The study aims to systematically review the literature on brain injury biomarkers, defined as any injury biomarker detected in cerebrospinal fluid (CSF) or blood injury biomarkers primarily expressed in the brain parenchyma, to determine outcome prediction in pediatric severe traumatic brain injury (sTBI). Based on the status of current sTBI biomarker research, the authors recommend that future research should be directed at both novel biomarker discovery and validation of biomarker panels in large, well–designed longitudinal studies.
Methods
- A search of MEDLINE, EMBASE, PsycINFO, Pubmed, and the Cochrane Database, as well as grey literature sources, personal contacts, hand searches, and reference lists.
- The search terms used were traumatic brain injury, biomarkers, prognosis, and children.
- No language, publication type, or publication date restrictions were imposed.
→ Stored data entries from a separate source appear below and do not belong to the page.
lemma s_minus_nonneg: "0 \<le> s_minus q r m"
proof (rule dense_le_bounded[of "ereal (- 1)"])
  fix w :: ereal
  assume w: "ereal (- 1) < w" "w < 0"
  then obtain s where s: "w = ereal s" "- 1 < s" "s < 0"
    by (cases w) auto
  then have "s * (q + (\<integral>u. 1 / (u - s) \<partial>m)) < 0"
    using m_reflected_pos[of s] \<sigma>_nonneg q by (intro mult_neg_pos) auto
  then show "w \<le> s_minus q r m"
    unfolding s(1) using s \<sigma>_nonneg r by (intro ereal_le_s_minus) auto
qed simp

lemma s_minus_nonpos_if_r_eq_0:
  assumes "r = 0"
  shows "s_minus q r m \<le> 0"
  unfolding s_minus_def
proof (rule Sup_least, clarify)
  fix s
  assume s: "ereal s < infS m" "s * (q + (\<integral>u. 1 / (u - s) \<partial>m)) < r"
  show "ereal s \<le> 0"
  proof (rule ccontr)
    assume "\<not> ereal s \<le> 0"
    then have "0 < s * (q + (\<integral>u. 1 / (u - s) \<partial>m))"
      using m_reflected_pos[of s] s(1) q by (simp add: infS_m add_nonneg_pos)
    then show False
      using s(2) assms by simp
  qed
qed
- All articles were critically reviewed by two clinicians independently.
Results
- A total of 7,150 articles were identified initially with 16 studies identified for review.
- Eighteen different biomarkers were examined; 11 in CSF and 7 in blood.
- Outcomes assessed included either in–hospital mortality or functional state (hospital discharge, 3–months or 6–months; Glasgow Outcome Scale or Pediatric Cerebral Performance Category).
- Significant correlations were established between sTBI outcomes and various biomarkers in CSF (IL–6, IL–8, IL–1β, S100β, NGF, NSE, DCX, ET–1, HMGB–1, cytochrome C) and blood (GFAP, NF–H, UCH–L1, SBDP–145, leptin).
- Mixed results were obtained for blood S100β.
- Outcome did not correlate with several biomarkers in either CSF (BDNF, GDNF, α–Syn) or blood (NSE, MBP).
- The Class of Evidence was considered II in 1 study and III in the remaining 15 studies.